Вместе с туфлями Джиао получила в подарок собственный стульчик для процедуры, и мать нашла возможность и ей нанять прислугу для ухода на первые месяцы. Еще она потратилась на мастерицу по бинтованию из дунганского народа, которая плохо говорила по-китайски, сама была простоволоса, не забинтована, но славилась своей работой, пользовалась уважением и доверием во всей округе. Мать решила оплатить ее недешевые услуги, так как со старшей она попала впросак – сама бинтовала ноги дочери и не справилась, что обернулось несчастьем для Юби.

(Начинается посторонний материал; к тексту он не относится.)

lemma tendsto_infdist_PK_subseq:
  fixes A :: "nat \<Rightarrow> 'a::heine_borel set"
  assumes "\<And>n. closed (A n)" "L \<noteq> {}" "PK_converges A L"
    and r: "strict_mono r" and zs: "zs \<longlonglongrightarrow> z"
  shows "(\<lambda>k. infdist (zs k) (A (r k))) \<longlonglongrightarrow> infdist z L"
proof -
  have "(\<lambda>k. infdist z (A (r k))) \<longlonglongrightarrow> infdist z L"
    using LIMSEQ_subseq_LIMSEQ[OF tendsto_infdist_PK[OF assms(1-3)] r] by (simp add: o_def)
  moreover have "(\<lambda>k. infdist (zs k) (A (r k)) - infdist z (A (r k))) \<longlonglongrightarrow> 0"
  proof (rule Lim_null_comparison)
    show "eventually (\<lambda>k. norm (infdist (zs k) (A (r k)) - infdist z (A (r k))) \<le> dist (zs k) z) sequentially"
      by (intro always_eventually allI) (simp add: infdist_triangle_abs)
    show "(\<lambda>k. dist (zs k) z) \<longlonglongrightarrow> 0" using zs by (rule tendsto_dist_iff[THEN iffD1])
  qed
  ultimately have "(\<lambda>k. infdist z (A (r k)) + (infdist (zs k) (A (r k)) - infdist z (A (r k))))
      \<longlonglongrightarrow> infdist z L + 0"
    by (rule tendsto_add)
  then show ?thesis by simp
qed

lemma tendsto_asplund_PK_subseq:
  fixes A :: "nat \<Rightarrow> 'a::euclidean_space set"
  assumes "\<And>n. closed (A n)" "L \<noteq> {}" "PK_converges A L"
    and "strict_mono r" "zs \<longlonglongrightarrow> z"
  shows "(\<lambda>k. asplund (A (r k)) (zs k)) \<longlonglongrightarrow> asplund L z"
  unfolding asplund_def by (intro tendsto_intros tendsto_infdist_PK_subseq[OF assms] assms(5)) simp

section \<open>Convergence of subdifferential graphs of convex functions\<close>

lemma PK_limsup_graph_subgradients_subset:
  fixes f :: "nat \<Rightarrow> 'a::real_inner \<Rightarrow> real"
  assumes joint: "\<And>r zs z. strict_mono r \<Longrightarrow> zs \<longlonglongrightarrow> z \<Longrightarrow> (\<lambda>k. f (r k) (zs k)) \<longlonglongrightarrow> g z"
  shows "PK_limsup (\<lambda>n. graph_of (subgradients (f n))) \<subseteq> graph_of (subgradients g)"
proof
  fix q assume "q \<in> PK_limsup (\<lambda>n. graph_of (subgradients (f n)))"
  then obtain r :: "nat \<Rightarrow> nat" and qs where r: "strict_mono r"
    and qs: "\<And>k. snd (qs k) \<in> subgradients (f (r k)) (fst (qs k))" and lim: "qs \<longlonglongrightarrow> q"
    unfolding PK_limsup_def graph_of_def by (auto simp: case_prod_beta)
  have ps: "(\<lambda>k. fst (qs k)) \<longlonglongrightarrow> fst q" and cs: "(\<lambda>k. snd (qs k)) \<longlonglongrightarrow> snd q"
    using tendsto_fst[OF lim] tendsto_snd[OF lim] by simp_all
  have "snd q \<bullet> (z - fst q) \<le> g z - g (fst q)" for z
  proof (rule tendsto_le[OF trivial_limit_sequentially])
    have "(\<lambda>k. f (r k) z) \<longlonglongrightarrow> g z" using joint[OF r tendsto_const] .
    moreover have "(\<lambda>k. f (r k) (fst (qs k))) \<longlonglongrightarrow> g (fst q)" using joint[OF r ps] .
    ultimately show "(\<lambda>k. f (r k) z - f (r k) (fst (qs k))) \<longlonglongrightarrow> g z - g (fst q)"
      by (rule tendsto_diff)
    show "(\<lambda>k. snd (qs k) \<bullet> (z - fst (qs k))) \<longlonglongrightarrow> snd q \<bullet> (z - fst q)"
      by (intro tendsto_intros ps cs)
    show "eventually (\<lambda>k. snd (qs k) \<bullet> (z - fst (qs k)) \<le> f (r k) z - f (r k) (fst (qs k))) sequentially"
      using qs by (simp add: subgradients_def)
  qed
  then show "q \<in> graph_of (subgradients g)"
    by (simp add: graph_of_def subgradients_def case_prod_beta)
qed

definition prox_objective :: "('a::real_inner \<Rightarrow> real) \<Rightarrow> 'a \<Rightarrow> 'a \<Rightarrow> 'a \<Rightarrow> real" where
  "prox_objective f c p y = f y - c \<bullet> y + (norm (y - p))\<^sup>2 / 2"

lemma tendsto_prox_objective:
  fixes f :: "nat \<Rightarrow> 'a::real_inner \<Rightarrow> real"
  assumes joint: "\<And>r zs z. strict_mono r \<Longrightarrow> zs \<longlonglongrightarrow> z \<Longrightarrow> (\<lambda>k. f (r k) (zs k)) \<longlonglongrightarrow> g z"
    and r: "strict_mono r" and ws: "ws \<longlonglongrightarrow> w"
  shows "(\<lambda>k. prox_objective (f (r k)) c p (ws k)) \<longlonglongrightarrow> prox_objective g c p w"
  unfolding prox_objective_def by (intro tendsto_intros joint[OF r ws] ws) simp

lemma prox_objective_growth:
  assumes "c \<in> subgradients g p"
  shows "prox_objective g c p p + (norm (y - p))\<^sup>2 / 2 \<le> prox_objective g c p y"
  using assms unfolding subgradients_def prox_objective_def
  by (auto simp: inner_diff_right dest: spec[of _ y])

lemma prox_objective_minimizer_exists:
  fixes f :: "'a::euclidean_space \<Rightarrow> real"
  assumes cont: "continuous_on UNIV f" and minorant: "\<And>y. a \<bullet> y + b \<le> f y"
  shows "\<exists>m. \<forall>y. prox_objective f c p m \<le> prox_objective f c p y"
proof -
  let ?F = "prox_objective f c p"
  define B where "B = norm (a - c)"
  define K where "K = ?F p - b - (a - c) \<bullet> p"
  define R where "R = 2 * B + 2 * \<bar>K\<bar> + 2"
  have far: "?F p < ?F y" if "R < norm (y - p)" for y
  proof -
    define \<rho> where "\<rho> = norm (y - p)"
    have "(a - c) \<bullet> (y - p) \<ge> - (B * \<rho>)"
      using norm_cauchy_schwarz[of "c - a" "y - p"] unfolding B_def \<rho>_def
      by (simp add: inner_diff_left norm_minus_commute)
    then have lin: "(a - c) \<bullet> p - B * \<rho> \<le> (a - c) \<bullet> y"
      by (simp add: inner_diff_right)
    have "\<bar>K\<bar> + 1 < \<rho> / 2 - B" "1 < \<rho>"
      using that norm_ge_zero[of "a - c"] abs_ge_zero[of K] unfolding R_def \<rho>_def B_def
      by linarith+
    then have "(\<bar>K\<bar> + 1) * 1 < (\<rho> / 2 - B) * \<rho>"
      by (intro mult_strict_mono) auto
    then have "K < \<rho>\<^sup>2 / 2 - B * \<rho>"
      by (simp add: power2_eq_square algebra_simps)
    moreover have "a \<bullet> y + b - c \<bullet> y + \<rho>\<^sup>2 / 2 \<le> ?F y"
      using minorant[of y] unfolding prox_objective_def \<rho>_def by simp
    ultimately show ?thesis
      using lin unfolding K_def by (simp add: inner_diff_left)
  qed
  have "continuous_on UNIV ?F"
    unfolding prox_objective_def by (intro continuous_intros cont) simp
  moreover have "p \<in> cball p R" unfolding R_def B_def by simp
  ultimately obtain m where m: "m \<in> cball p R" "\<And>y. y \<in> cball p R \<Longrightarrow> ?F m \<le> ?F y"
    using continuous_attains_inf[OF compact_cball, of p R ?F] continuous_on_subset by blast
  have "?F m \<le> ?F y" for y
  proof (cases "y \<in> cball p R")
    case False
    then have "?F p < ?F y" by (intro far) (simp add: dist_norm norm_minus_commute)
    with m(2)[of p] \<open>p \<in> cball p R\<close> show ?thesis by simp
  qed (rule m(2))
  then show ?thesis by blast
qed

lemma subgradient_at_prox_minimizer:
  fixes f :: "'a::real_inner \<Rightarrow> real"
  assumes convex: "convex_on UNIV f"
    and min: "\<And>y. prox_objective f c p m \<le> prox_objective f c p y"
  shows "c - (m - p) \<in> subgradients f m"
  unfolding subgradients_def
proof (intro CollectI allI)
  fix z
  define d where "d = z - m"
  define Q where "Q = f z - f m - c \<bullet> d + (m - p) \<bullet> d"
  have step: "0 \<le> Q + t * (norm d)\<^sup>2 / 2" if t: "0 < t" "t \<le> 1" for t
  proof -
    define y where "y = m + t *\<^sub>R d"
    have "y = (1 - t) *\<^sub>R m + t *\<^sub>R z" unfolding y_def d_def by (simp add: algebra_simps)
    then have "f y \<le> (1 - t) * f m + t * f z"
      using convex_onD[OF convex, of t m z] t by simp
    then have fy: "f y \<le> f m - t * f m + t * f z" by (simp add: algebra_simps)
    have cy: "c \<bullet> y = c \<bullet> m + t * (c \<bullet> d)" unfolding y_def by (simp add: inner_add_right)
    have yp: "y - p = (m - p) + t *\<^sub>R d" unfolding y_def by simp
    have "(norm (y - p))\<^sup>2 = (norm (m - p))\<^sup>2 + 2 * ((m - p) \<bullet> (t *\<^sub>R d)) + (norm (t *\<^sub>R d))\<^sup>2"
      unfolding yp by (rule power2_norm_add)
    then have ny: "(norm (y - p))\<^sup>2 = (norm (m - p))\<^sup>2 + 2 * (t * ((m - p) \<bullet> d)) + t\<^sup>2 * (norm d)\<^sup>2"
      by (simp add: power_mult_distrib)
    have "t * (Q + t * (norm d)\<^sup>2 / 2)
        = t * f z - t * f m - t * (c \<bullet> d) + t * ((m - p) \<bullet> d) + t\<^sup>2 * (norm d)\<^sup>2 / 2"
      unfolding Q_def by (simp add: algebra_simps power2_eq_square)
    moreover have "prox_objective f c p m \<le> prox_objective f c p y" by (rule min)
    ultimately have "0 \<le> t * (Q + t * (norm d)\<^sup>2 / 2)"
      using fy cy ny unfolding prox_objective_def by linarith
    with t show ?thesis by (simp add: zero_le_mult_iff)
  qed
  have "(\<lambda>k. Q + inverse (real (Suc k)) * (norm d)\<^sup>2 / 2) \<longlonglongrightarrow> Q + 0 * (norm d)\<^sup>2 / 2"
    by (intro tendsto_intros LIMSEQ_inverse_real_of_nat) simp
  then have "0 \<le> Q + 0 * (norm d)\<^sup>2 / 2"
    by (rule tendsto_lowerbound) (auto intro!: always_eventually step simp: inverse_le_1_iff)
  then show "(c - (m - p)) \<bullet> (z - m) \<le> f z - f m"
    unfolding Q_def d_def by (simp add: inner_diff_left)
qed

lemma prox_objective_segment_le:
  fixes f :: "'a::real_inner \<Rightarrow> real"
  assumes convex: "convex_on UNIV f" and \<theta>: "0 \<le> \<theta>" "\<theta> \<le> 1"
  shows "prox_objective f c p (p + \<theta> *\<^sub>R (m - p))
    \<le> (1 - \<theta>) * prox_objective f c p p + \<theta> * prox_objective f c p m"
proof -
  have z: "p + \<theta> *\<^sub>R (m - p) = (1 - \<theta>) *\<^sub>R p + \<theta> *\<^sub>R m" by (simp add: algebra_simps)
  have "f (p + \<theta> *\<^sub>R (m - p)) \<le> (1 - \<theta>) * f p + \<theta> * f m"
    unfolding z using convex_onD[OF convex \<theta>] by simp
  moreover have "c \<bullet> (p + \<theta> *\<^sub>R (m - p)) = (1 - \<theta>) * (c \<bullet> p) + \<theta> * (c \<bullet> m)"
    unfolding z by (simp add: inner_add_right)
  moreover have "(norm (p + \<theta> *\<^sub>R (m - p) - p))\<^sup>2 = \<theta>\<^sup>2 * (norm (m - p))\<^sup>2"
    by (simp add: power_mult_distrib)
  moreover have "\<theta>\<^sup>2 * (norm (m - p))\<^sup>2 \<le> \<theta> * (norm (m - p))\<^sup>2"
    using \<theta> by (intro mult_right_mono) (auto simp: power2_eq_square mult_left_le_one_le)
  ultimately show ?thesis
    unfolding prox_objective_def by (simp add: algebra_simps)
qed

Джиао подходила к своему стульчику, когда никто не видел, и с интересом разглядывала его. Он был из черного красивого дерева, с высокой спинкой и специальными ящичками, в которых лежали блестящие ножницы и еще какие-то диковинные инструменты, тряпочки и таинственные бутылочки. Всем своим маленьким колотящимся сердцем Джиао чувствовала приближение новой прекрасной жизни.
Мать высчитала по календарю благоприятный день начала бинтования. Коренастая дунганка пришла в их дом молча, опустив глаза. Джиао с радостью прибежала из сада на зов матери. В комнате, в углу, рядом с высоким стулом, мать поставила два небольших корытца, одно пустое, второе с водой, разложила много матерчатых полос, еще какие-то склянки с лекарствами. Дунганка принесла с собой сумку, в которой тоже были принадлежности для процедур. Она достала большую бутыль с вишневой жидкостью и протянула матери, сказав на ломаном китайском:
– Разогреть!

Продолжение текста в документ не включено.